Neurodegenerative diseases affect millions of people each year and the incidence is increasing with an aging population1. While each neurodegenerative disease has a unique etiology, aggregation of misfolded proteins and breakdown of the proteostasis network are common pathological hallmarks of many of these diseases. Elucidating how disruption of these fundamental and interrelated processes goes awry to contribute to neuronal dysfunction and cell death is critical for understanding neurodegenerative diseases as well as guiding therapeutic interventions. Fluorescence-based imaging allows for investigation of these complex and dynamic processes in neurons and has greatly contributed to our understanding of neuronal cell biology. Analysis of fluorescently tagged proteins is challenging, particularly when experiments are carried out in vivo, due to highly compact tissues, diverse cell types, and morphological heterogeneity. Manually assisted quantification is affordable and straightforward, but is often time-consuming and subject to human bias. Therefore, there is a need for unbiased, reproducible, and accessible approaches for extracting quantifiable data from imaging studies.

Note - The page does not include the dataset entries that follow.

(* The equations \[ \alpha u=k\frac{f_0g_0f_3}{f_0g_0+g_0f_3+f_3g_3}+\ell\frac{f_2g_2f_5}{f_2g_2+g_2f_5+f_5g_5}+m\frac{f_4g_4f_1}{f_4g_4+g_4f_1+f_1g_1}, \] \[ \beta v=k\frac{g_0f_3g_3}{f_0g_0+g_0f_3+f_3g_3}+\ell\frac{g_2f_5g_5}{f_2g_2+g_2f_5+f_5g_5}+m\frac{g_4f_1g_1}{f_4g_4+g_4f_1+f_1g_1} \] are well defined equations for the point $\mathfrak{z}\in V(\mathcal{T}\mathcal{L})$, i.e. they are invariant under the shift $(k,\ell,m)\mapsto(k+n,\ell+n,m+n)$, provided the equations $\frac{u(\mathfrak{z}_2)-u(\mathfrak{z}_1)}{u(\mathfrak{z}_3)-u(\mathfrak{z}_2)}=\frac{v(\mathfrak{z}_3)-v(\mathfrak{z}_2)}{v(\mathfrak{z}_1)-v(\mathfrak{z}_3)}$ hold on all positively oriented elementary triangles.
   Context: On the regular triangular lattice with vertices $\mathfrak{z}=k+\ell\omega+m\omega^2$ ($\omega=e^{2\pi i/3}$; the triples $(k,\ell,m)$ and $(k+n,\ell+n,m+n)$ represent the same vertex), $u,v$ are complex functions on vertices. For a vertex $\mathfrak{z}$ with chosen representative $(k,\ell,m)$, $u=u(\mathfrak{z})$, $v=v(\mathfrak{z})$, and with edges $\mathfrak{e}_0=(\mathfrak{z},\mathfrak{z}+1)$, $\mathfrak{e}_2=(\mathfrak{z},\mathfrak{z}+\omega)$, $\mathfrak{e}_4=(\mathfrak{z},\mathfrak{z}+\omega^2)$, $\mathfrak{e}_1=(\mathfrak{z}-\omega^2,\mathfrak{z})$, $\mathfrak{e}_3=(\mathfrak{z}-1,\mathfrak{z})$, $\mathfrak{e}_5=(\mathfrak{z}-\omega,\mathfrak{z})$, set $f_j=u(\text{end of }\mathfrak{e}_j)-u(\text{start of }\mathfrak{e}_j)$, $g_j$ likewise with $v$. A positively oriented elementary triangle has consecutive vertices $\mathfrak{z}_1,\mathfrak{z}_2,\mathfrak{z}_3$ with $\mathfrak{z}_2-\mathfrak{z}_1,\mathfrak{z}_3-\mathfrak{z}_2,\mathfrak{z}_1-\mathfrak{z}_3\in\{1,\omega,\omega^2\}$. $\alpha,\beta\in\mathbb C$ are constants. *)

theory Defs
  imports Complex_Main
begin

definition omega :: complex where
  "omega = cis (2 * pi / 3)"

definition vtx :: "int \<Rightarrow> int \<Rightarrow> int \<Rightarrow> complex" where
  "vtx k l m = of_int k + of_int l * omega + of_int m * omega ^ 2"

definition lattice_vertices :: "complex set" where
  "lattice_vertices = {vtx k l m | k l m. True}"

definition unit_dirs :: "complex set" where
  "unit_dirs = {1, omega, omega ^ 2}"

definition pos_triangle :: "complex \<Rightarrow> complex \<Rightarrow> complex \<Rightarrow> bool" where
  "pos_triangle z1 z2 z3 \<longleftrightarrow> z1 \<in> lattice_vertices \<and>
     z2 - z1 \<in> unit_dirs \<and> z3 - z2 \<in> unit_dirs \<and> z1 - z3 \<in> unit_dirs"

text \<open>Edge differences f_j (for w = u) resp. g_j (for w = v) at the vertex z:
  e0 = (z, z+1), e1 = (z - omega^2, z), e2 = (z, z+omega), e3 = (z-1, z),
  e4 = (z, z+omega^2), e5 = (z-omega, z); value at end minus value at start.\<close>
definition edge_diff :: "(complex \<Rightarrow> complex) \<Rightarrow> complex \<Rightarrow> nat \<Rightarrow> complex" where
  "edge_diff w z j =
     [w (z + 1) - w z, w z - w (z - omega ^ 2), w (z + omega) - w z,
      w z - w (z - 1), w (z + omega ^ 2) - w z, w z - w (z - omega)] ! j"

definition rhs_u :: "(complex \<Rightarrow> complex) \<Rightarrow> (complex \<Rightarrow> complex) \<Rightarrow> int \<Rightarrow> int \<Rightarrow> int \<Rightarrow> complex" where
  "rhs_u u v k l m =
     (let z = vtx k l m; f = edge_diff u z; g = edge_diff v z in
        of_int k * (f 0 * g 0 * f 3) / (f 0 * g 0 + g 0 * f 3 + f 3 * g 3)
      + of_int l * (f 2 * g 2 * f 5) / (f 2 * g 2 + g 2 * f 5 + f 5 * g 5)
      + of_int m * (f 4 * g 4 * f 1) / (f 4 * g 4 + g 4 * f 1 + f 1 * g 1))"

definition rhs_v :: "(complex \<Rightarrow> complex) \<Rightarrow> (complex \<Rightarrow> complex) \<Rightarrow> int \<Rightarrow> int \<Rightarrow> int \<Rightarrow> complex" where
  "rhs_v u v k l m =
     (let z = vtx k l m; f = edge_diff u z; g = edge_diff v z in
        of_int k * (g 0 * f 3 * g 3) / (f 0 * g 0 + g 0 * f 3 + f 3 * g 3)
      + of_int l * (g 2 * f 5 * g 5) / (f 2 * g 2 + g 2 * f 5 + f 5 * g 5)
      + of_int m * (g 4 * f 1 * g 1) / (f 4 * g 4 + g 4 * f 1 + f 1 * g 1))"

end

theory Submission
  imports Defs
begin

text \<open>
  At a vertex z write f_j, g_j for the edge differences of u and v and x_j = f_j g_j. The
  triangle equation on the positive triangle spanned by the edges e_i and e_j (i even,
  j = i \<plusminus> 1) reads f_i g_i + g_i f_j + f_j g_j = 0, which is the shape of the three
  denominators, taken at the opposite edges (0,3), (2,5), (4,1). Shifting (k,l,m) by n adds
  n times the sum S of the three fractions to the right-hand side, so it suffices that S = 0.
  Along a path i, i+1, i+2, i+3 of adjacent edges the relations turn the denominator at (i,i+3),
  multiplied by g_(i+2) f_(i+1), into -(x_i - x_(i+2)) (x_(i+1) - x_(i+3)). Then S becomes a
  rational function of the x_j which vanishes because, going once around the hexagon, the
  relations force (x_0 + x_1)(x_2 + x_3)(x_4 + x_5) = (x_2 + x_1)(x_4 + x_3)(x_0 + x_5).
  The sum in the equation for v is the sum for u taken for the pair (g, f) turned by 180 degrees.
\<close>

lemma omega_squared: "omega ^ 2 = - 1 - omega"
proof -
  have omega: "omega = Complex (-1/2) (sqrt 3 / 2)"
    unfolding omega_def by (simp add: cis.ctr cos_120 sin_120)
  show ?thesis unfolding omega by (simp add: complex_eq_iff power2_eq_square algebra_simps)
qed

We have outlined a simple and adaptable workflow using Fiji/ImageJ, a powerful and freely accessible image processing software2,3, to extract quantitative data from fluorescence imaging studies in experimental models of neurodegeneration using Drosophila. By following this protocol to quantify protein aggregation and autophagic flux — two cell biological features that are highly relevant to neurodegenerative disease pathology — we demonstrated the sensitivity and reproducibility of this approach. Analysis of fluorescently tagged mutant huntingtin (Htt) proteins in the Drosophila optic lobe revealed the number, size, and intensity of protein aggregates. We visualized a tandem fluorescent reporter of autophagic flux within the Drosophila visual system, which displays different emission signals depending on the compartmental environment4. Ratiometric-based analysis of the tandem reporter allowed for a quantitative and comprehensive view of autophagy-lysosome flux from autophagosome formation, maturation, and transport to degradation in the lysosome, and additionally highlighted vulnerable compartments disrupted in neurodegenerative conditions. Importantly, in both analyses we implemented semi-automated thresholding and segmentation steps in our protocol to minimize unconscious bias, increase sampling power, and provide a standard to facilitate comparisons between similar studies. The straightforward workflow is intended to make powerful Fiji/ImageJ plugins (developed by computer scientists based on mathematic algorithms) more accessible to neurobiologists and the life sciences community at large.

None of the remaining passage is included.